GOAL OF THE EXERCISE> Filter the entries and keep only the lines where the string "metis" appears.

GIVEN ENTRIES>
───

lemma emeasure_trunc_measure: "emeasure (trunc_measure m) (space (trunc_measure m)) = trunc_affinity m 0"
  unfolding trunc_measure_def trunc_affinity_def
  by (subst emeasure_density) (auto intro!: nn_integral_cong)

lemma bounded_mgf_trunc: "bounded_mgf (trunc_measure m) (trunc_llr m) (real m)"
proof (intro bounded_mgf.intro finite_measureI bounded_mgf_axioms.intro)
  have "emeasure (trunc_measure m) (space (trunc_measure m)) = trunc_affinity m 0"
    by (rule emeasure_trunc_measure)
  also have "\<dots> < \<infinity>"
    using trunc_affinity_le[of m 0] affinity_pos_finite[of 0] by (simp add: le_less_trans)
  finally show "emeasure (trunc_measure m) (space (trunc_measure m)) \<noteq> \<infinity>"
    by simp
  show "trunc_llr m \<in> borel_measurable (trunc_measure m)"
    by (simp add: trunc_measure_def)
  show "\<bar>trunc_llr m x\<bar> \<le> real m" for x
    by (simp add: trunc_llr_def)
qed

abbreviation trunc_mgf :: "nat \<Rightarrow> real \<Rightarrow> real" where
  "trunc_mgf m \<equiv> bounded_mgf.mgf (trunc_measure m) (trunc_llr m)"

lemma trunc_affinity_eq_trunc_mgf: "trunc_affinity m a = ennreal (trunc_mgf m a)"
proof -
  interpret bounded_mgf "trunc_measure m" "trunc_llr m" "real m"
    by (rule bounded_mgf_trunc)
  have "ennreal (mgf a) = (\<integral>\<^sup>+x. ennreal (exp (a * trunc_llr m x)) \<partial>trunc_measure m)"
    unfolding mgf_def using integrable_exp_scaled by (intro nn_integral_eq_integral[symmetric]) auto
  also have "\<dots> = trunc_affinity m a"
    unfolding trunc_measure_def trunc_affinity_def
    by (subst nn_integral_density)
       (auto intro!: nn_integral_cong
         simp: trunc_weight_def trunc_llr_def indicator_def ennreal_mult'[symmetric] \<phi>_nonneg q_pos less_imp_le)
  finally show ?thesis ..
qed
lemma pow_mat_Suc_mult_mat_vec:
  fixes M :: "'a::semiring_1 mat"
  assumes M: "M \<in> carrier_mat n n" and v: "v \<in> carrier_vec n"
  shows "M ^\<^sub>m Suc k *\<^sub>v v = M *\<^sub>v (M ^\<^sub>m k *\<^sub>v v)"
  unfolding pow_mat_Suc_left[OF M] using M v by (simp add: assoc_mult_mat_vec[of _ n n _ n])

lemma pow_mat_mult:
  fixes M :: "'a::semiring_1 mat"
  assumes M: "M \<in> carrier_mat n n"
  shows "M ^\<^sub>m (a * b) = (M ^\<^sub>m a) ^\<^sub>m b"
proof (induction b)
  case (Suc b)
  have "M ^\<^sub>m (a * Suc b) = M ^\<^sub>m (a * b) * M ^\<^sub>m a"
    using pow_mat_add[OF M, of "a * b" a] by (simp add: add.commute)
  then show ?case using Suc by simp
qed (use M in simp)

lemma smult_pow_mat:
  fixes M :: "'a::comm_ring_1 mat"
  assumes M: "M \<in> carrier_mat n n"
  shows "(a \<cdot>\<^sub>m M) ^\<^sub>m k = a ^ k \<cdot>\<^sub>m M ^\<^sub>m k"
proof (induction k)
  case (Suc k)
  then show ?case using M
    by (simp add: mult_smult_assoc_mat[of _ n n _ n] mult_smult_distrib[of _ n n _ n])
      (rule eq_matI, auto)
qed (use M in auto)

lemma nonneg_mat_pow:
  assumes M: "M \<in> carrier_mat n n" and nn: "nonneg_mat M"
  shows "nonneg_mat (M ^\<^sub>m k)"
proof (induction k)
  case (Suc k)
  have "0 \<le> (M ^\<^sub>m Suc k) $$ (i,j)" if "i < n" "j < n" for i j
    using Suc nn M that unfolding pow_mat_Suc_index_sum[OF M that]
    by (auto simp: nonneg_mat_def intro!: sum_nonneg)
  then show ?case using M by (simp add: nonneg_mat_def)
qed (use M in \<open>auto simp: nonneg_mat_def\<close>)

section \<open>The rearrangement inequality\<close>

lemma ex_common_maximizer:
  fixes a x :: "'b \<Rightarrow> real"
  assumes "finite I" "I \<noteq> {}" and ord: "\<forall>j\<in>I. \<forall>k\<in>I. x k < x j \<longrightarrow> a k \<le> a j"
  shows "\<exists>m\<in>I. \<forall>p\<in>I. x p \<le> x m \<and> a p \<le> a m"
proof -
  define I' where "I' = {j\<in>I. x j = Max (x ` I)}"
  have "Max (x ` I) \<in> x ` I" using assms(1,2) by simp
  then have I': "finite I'" "I' \<noteq> {}" using assms(1) unfolding I'_def by auto
  have "Max (a ` I') \<in> a ` I'" using I' by simp
  then obtain m where m: "m \<in> I'" "a m = Max (a ` I')" by auto
  have "x p \<le> x m \<and> a p \<le> a m" if p: "p \<in> I" for p
  proof (cases "x p < x m")
    case False
    then have "p \<in> I'" using m(1) p assms(1) unfolding I'_def by (auto intro: antisym)
    then have "a p \<le> a m" using m(2) I'(1) by simp
    moreover have "x p = x m" using \<open>p \<in> I'\<close> m(1) unfolding I'_def by simp
    ultimately show ?thesis by simp
  qed (use ord p m(1) in \<open>auto simp: I'_def\<close>)
  moreover have "m \<in> I" using m(1) unfolding I'_def by simp
  ultimately show ?thesis by blast
qed

lemma rearrangement_inequality:
  fixes a x :: "'b \<Rightarrow> real"
  assumes "finite I" and "\<phi> permutes I" and "\<forall>j\<in>I. \<forall>k\<in>I. x k < x j \<longrightarrow> a k \<le> a j"
  shows "(\<Sum>j\<in>I. a (\<phi> j) * x j) \<le> (\<Sum>j\<in>I. a j * x j)"
  using assms
proof (induction "card I" arbitrary: I \<phi> rule: less_induct)
  case less
  note fin = less.prems(1) and perm = less.prems(2) and ord = less.prems(3)
  show ?case
  proof (cases "I = {}")
    case False
    obtain m where m: "m \<in> I" and top: "\<forall>p\<in>I. x p \<le> x m \<and> a p \<le> a m"
      using ex_common_maximizer[OF fin False ord] by blast
    obtain q where q: "q \<in> I" "\<phi> q = m"
      using perm m by (metis permutes_def permutes_not_in)
    (* Redirect m to itself: since a m and x m are both maximal, this cannot decrease the sum. *)
    define \<psi> where "\<psi> = \<phi> \<circ> Transposition.transpose q m"
    have "\<psi> permutes I"
      unfolding \<psi>_def by (rule permutes_compose[OF permutes_swap_id[OF q(1) m] perm])
    moreover have \<psi>m: "\<psi> m = m" unfolding \<psi>_def using q by simp
    ultimately have \<psi>_perm: "\<psi> permutes (I - {m})"
      unfolding permutes_def by (metis Diff_iff singletonD)
    have exchange: "(\<Sum>j\<in>I. a (\<phi> j) * x j) \<le> (\<Sum>j\<in>I. a (\<psi> j) * x j)"
    proof (cases "q = m")
      case False
      have rest: "(\<Sum>j\<in>I - {q} - {m}. a (\<phi> j) * x j) = (\<Sum>j\<in>I - {q} - {m}. a (\<psi> j) * x j)"
        unfolding \<psi>_def by (intro sum.cong) (auto simp: transpose_def)
      have "(\<Sum>j\<in>I. a (\<phi> j) * x j)
          = a m * x q + a (\<phi> m) * x m + (\<Sum>j\<in>I - {q} - {m}. a (\<phi> j) * x j)"
        using fin q m False by (simp add: sum.remove[of I q] sum.remove[of "I - {q}" m])
      moreover have "(\<Sum>j\<in>I. a (\<psi> j) * x j)
          = a (\<phi> m) * x q + a m * x m + (\<Sum>j\<in>I - {q} - {m}. a (\<psi> j) * x j)"
        using fin q m False by (simp add: sum.remove[of I q] sum.remove[of "I - {q}" m] \<psi>_def)
      moreover have "0 \<le> (a m - a (\<phi> m)) * (x m - x q)"
        using top q(1) m perm by (intro mult_nonneg_nonneg) (auto simp: permutes_in_image)
      ultimately show ?thesis using rest by (simp add: algebra_simps)
    qed (simp add: \<psi>_def)
    have "(\<Sum>j\<in>I - {m}. a (\<psi> j) * x j) \<le> (\<Sum>j\<in>I - {m}. a j * x j)"
      using less.hyps[OF card_Diff1_less[OF fin m] _ \<psi>_perm] fin ord by simp
    then have "(\<Sum>j\<in>I. a (\<psi> j) * x j) \<le> (\<Sum>j\<in>I. a j * x j)"
      using fin m \<psi>m by (simp add: sum.remove[of I m])
    with exchange show ?thesis by linarith
  qed simp
qed

section \<open>Collatz-Wielandt bounds for the spectral radius\<close>

lemma ex_argmax_lessThan:
  fixes f :: "nat \<Rightarrow> real"
  assumes "0 < n"
  obtains l where "l < n" "\<And>q. q < n \<Longrightarrow> f q \<le> f l"
proof -
  have "Max (f ` {..<n}) \<in> f ` {..<n}" using assms by (intro Max_in) auto
  then obtain l where "l < n" "f l = Max (f ` {..<n})" by auto
  then show ?thesis using that by simp
qed

lemma rho_eq_norm_eigenvalue:
  assumes "B \<in> carrier_mat n n" "0 < n"
  obtains \<mu> where "eigenvalue (map_mat complex_of_real B) \<mu>" "norm \<mu> = rho B"
  using spectral_radius_mem_max(1)[of "map_mat complex_of_real B" n] assms
  unfolding rho_def spectrum_def by auto

lemma rho_nonneg:
  assumes "B \<in> carrier_mat n n" "0 < n"
  shows "0 \<le> rho B"
  using rho_eq_norm_eigenvalue[OF assms] by (metis norm_ge_zero)

lemma norm_eigenvalue_le_rho:
  assumes B: "B \<in> carrier_mat n n" and ev: "eigenvalue (map_mat complex_of_real B) \<mu>"
  shows "norm \<mu> \<le> rho B"
proof -
  have Bc: "map_mat complex_of_real B \<in> carrier_mat n n" using B by simp
  show ?thesis unfolding rho_def
    by (rule spectral_radius_mem_max(2)[OF Bc eigenvalue_imp_nonzero_dim[OF Bc ev]])
      (use ev in \<open>auto simp: spectrum_def\<close>)
qed

lemma norm_eigenvalue_le_of_subinvariant:
  fixes M :: "real mat"
  assumes M: "M \<in> carrier_mat n n" "nonneg_mat M"
    and x: "x \<in> carrier_vec n" "\<forall>i<n. 0 < x $ i"
    and sub: "\<forall>i<n. (M *\<^sub>v x) $ i \<le> s * x $ i"
    and ev: "eigenvalue (map_mat complex_of_real M) \<mu>"
  shows "norm \<mu> \<le> s"
proof -
  obtain v where v: "v \<in> carrier_vec n" "v \<noteq> 0\<^sub>v n"
    and Mv: "map_mat complex_of_real M *\<^sub>v v = \<mu> \<cdot>\<^sub>v v"
    using ev M unfolding eigenvalue_def eigenvector_def by auto
  then obtain q0 where q0: "q0 < n" "v $ q0 \<noteq> 0" by (metis eq_vecI carrier_vecD index_zero_vec(1,2))
  obtain l where l: "l < n" and lmax: "\<And>q. q < n \<Longrightarrow> norm (v $ q) / x $ q \<le> norm (v $ l) / x $ l"
    using ex_argmax_lessThan[of n "\<lambda>q. norm (v $ q) / x $ q"] q0(1) by auto
  define \<tau> where "\<tau> = norm (v $ l) / x $ l"
  have v_le: "norm (v $ q) \<le> \<tau> * x $ q" if "q < n" for q
    using lmax[OF that] x(2) that by (simp add: \<tau>_def pos_divide_le_eq)
  have "0 < norm (v $ q0) / x $ q0" using q0 x(2) by simp
  then have \<tau>: "0 < \<tau>" using lmax[OF q0(1)] unfolding \<tau>_def by linarith
  have vl: "norm (v $ l) = \<tau> * x $ l" using x(2)[rule_format, OF l] unfolding \<tau>_def by simp
  have "norm \<mu> * norm (v $ l) = norm ((map_mat complex_of_real M *\<^sub>v v) $ l)"
    using Mv v l by (simp add: norm_mult)
  also have "\<dots> = norm (\<Sum>q<n. complex_of_real (M $$ (l,q)) * v $ q)"
    using M v l by (subst mult_mat_vec_index_sum[of _ n n]) auto
  also have "\<dots> \<le> (\<Sum>q<n. norm (complex_of_real (M $$ (l,q)) * v $ q))"
    by (rule norm_sum)
  also have "\<dots> = (\<Sum>q<n. M $$ (l,q) * norm (v $ q))"
    using M l by (intro sum.cong) (auto simp: norm_mult nonneg_mat_def)
  also have "\<dots> \<le> (\<Sum>q<n. M $$ (l,q) * (\<tau> * x $ q))"
    using M l v_le by (intro sum_mono mult_left_mono) (auto simp: nonneg_mat_def)
  also have "\<dots> = \<tau> * (M *\<^sub>v x) $ l"
    unfolding mult_mat_vec_index_sum[OF M(1) x(1) l] by (simp add: sum_distrib_left algebra_simps)
  also have "\<dots> \<le> \<tau> * (s * x $ l)" using sub l \<tau> by simp
  finally have "norm \<mu> * (\<tau> * x $ l) \<le> s * (\<tau> * x $ l)" unfolding vl by (simp add: algebra_simps)
  then show ?thesis using \<tau> x(2) l by simp
qed

lemma rho_pow_le_of_subinvariant:
  fixes B :: "real mat"
  assumes B: "B \<in> carrier_mat n n" "nonneg_mat B" and "0 < n"
    and x: "x \<in> carrier_vec n" "\<forall>i<n. 0 < x $ i"
    and sub: "\<forall>i<n. (B ^\<^sub>m N *\<^sub>v x) $ i \<le> s * x $ i"
  shows "rho B ^ N \<le> s"
proof -
  obtain \<mu> where ev: "eigenvalue (map_mat complex_of_real B) \<mu>" and \<mu>: "norm \<mu> = rho B"
    using rho_eq_norm_eigenvalue[OF B(1) \<open>0 < n\<close>] .
  then obtain v where v: "eigenvector (map_mat complex_of_real B) v \<mu>"
    unfolding eigenvalue_def by blast
  have "map_mat complex_of_real (B ^\<^sub>m N) *\<^sub>v v = \<mu> ^ N \<cdot>\<^sub>v v"
    using eigenvector_pow[OF _ v, of n] B(1) by (simp add: of_real_hom.mat_hom_pow)
  then have "eigenvalue (map_mat complex_of_real (B ^\<^sub>m N)) (\<mu> ^ N)"
    using v B(1) unfolding eigenvalue_def eigenvector_def by auto
  from norm_eigenvalue_le_of_subinvariant
    [OF pow_carrier_mat[OF B(1)] nonneg_mat_pow[OF B] x sub this]
  show ?thesis by (simp add: norm_power \<mu>)
qed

───

FINISHED TASK>
      using perm m by (metis permutes_def permutes_not_in)
      unfolding permutes_def by (metis Diff_iff singletonD)
  using rho_eq_norm_eigenvalue[OF assms] by (metis norm_ge_zero)
  then obtain q0 where q0: "q0 < n" "v $ q0 \<noteq> 0" by (metis eq_vecI carrier_vecD index_zero_vec(1,2))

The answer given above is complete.